The Anova Containment Device, in conjunction with traditional rigid fixation, is intended for use in spinal fusion procedures as a means to maintain the relative position of weak bony tissue such as allografts or autografts. The device is not intended for load bearing indications.

Device Description

The Anova Containment Device is a flexible, synthetic composite implantable mesh. It includes a polyester mesh component connected by a mono-filament suture to a porous expanded polytetrafluoroethylene or "ePTFE" component. This ePTFE component is placed between the polyester mesh and the overlying soft tissues. The ePTFE component is not anchored to the disc. The Anova Containment Device is attached to the spine with four suture anchors (two fastened to the vertebra above and two fastened to the vertebra below the disc). The sutures from the anchors overlay the mesh and hold it against the vertebral body and to reinforce the mesh against pressure from the graft material.

AI/ML Overview

Here's an analysis based on the provided text, outlining the acceptance criteria and the study details for the Anova Containment Device:

It's important to note that the provided text is a 510(k) summary, which is a regulatory document focused on demonstrating substantial equivalence to predicate devices, rather than a detailed scientific study report with specific performance metrics and acceptance criteria. Therefore, many of the requested points, especially those related to specific performance metrics, sample sizes for training/test sets, ground truth establishment, and expert involvement, are not explicitly stated in this type of document.

Acceptance Criteria and Device Performance

Based on the nature of a 510(k) submission, the primary "acceptance criteria" is demonstrating substantial equivalence to legally marketed predicate devices. The "reported device performance" is essentially that it functions similarly and addresses the same intended use.

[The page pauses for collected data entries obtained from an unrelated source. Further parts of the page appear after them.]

lemma degree_big_qlegendre: "degree (P n) = n"
  and coeff_big_qlegendre_nonzero: "coeff (P n) n \<noteq> 0"
proof -
  have degree_qpoch_poly_q: "degree (qpoch_poly q q k) = k" for k
    using q_nonzero by (simp add: degree_qpoch_poly)
  have "coeff (P n) n = big_qlegendre_coeff q S n n * lead_coeff (qpoch_poly q q n)"
    unfolding big_qlegendre_def coeff_sum coeff_smult
    by (subst sum.remove[of _ n]) (auto intro!: sum.neutral simp: coeff_eq_0 degree_qpoch_poly_q)
  then show "coeff (P n) n \<noteq> 0"
    using big_qlegendre_coeff_diag_nonzero lead_coeff_qpoch_poly_nonzero q_nonzero by simp
  moreover have "degree (P n) \<le> n"
    unfolding big_qlegendre_def
    by (intro degree_sum_le) (auto intro: order.trans[OF degree_smult_le] simp: degree_qpoch_poly_q)
  ultimately show "degree (P n) = n"
    by (simp add: le_antisym le_degree)
qed

lemma mean_big_qlegendre_times_degree_le:
  assumes "degree f \<le> n"
  shows "L (P n * f) = coeff f n / lead_coeff (qpoch_poly q (q / S) n) * L (P n * qpoch_poly q (q / S) n)"
proof (rule linear_functional_eq_leading_coeff[where \<Lambda> = "\<lambda>f. L (P n * f)"])
  have "q / S \<noteq> 0"
    using q_nonzero S_nonzero by simp
  then show "degree (qpoch_poly q (q / S) j) = j" "qpoch_poly q (q / S) j \<noteq> 0" for j
    using degree_qpoch_poly[OF q_nonzero] lead_coeff_qpoch_poly_nonzero[OF q_nonzero, of "q / S" j]
    by auto
qed (simp_all add: assms distrib_left mom_functional_add mom_functional_smult
    mean_big_qlegendre_times_qpoch_poly_eq_0)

Acceptance Criteria (Implied)Reported Device Performance
Intended Use Equivalence: Same intended use as predicate devices.The Anova Containment Device has the "same intended use."
Technological Characteristics Equivalence: Similar technological characteristics to predicate devices.The Anova Containment Device has "similar technological characteristics."
Safety and Effectiveness Equivalence: Differences in design/performance from predicates do not affect safety and/or effectiveness."Differences... do not affect either the safety and/or effectiveness."
Substantial Equivalence: Device is as safe and effective as legally marketed predicate devices.Evaluations demonstrate the device is "substantially equivalent to the cited predicate devices." and "as safe and effective as legally marketed devices."

Study Details

The provided document describes a regulatory submission (510(k)), not a clinical study in the typical sense with explicit test sets, training sets, and human reader performance measurements.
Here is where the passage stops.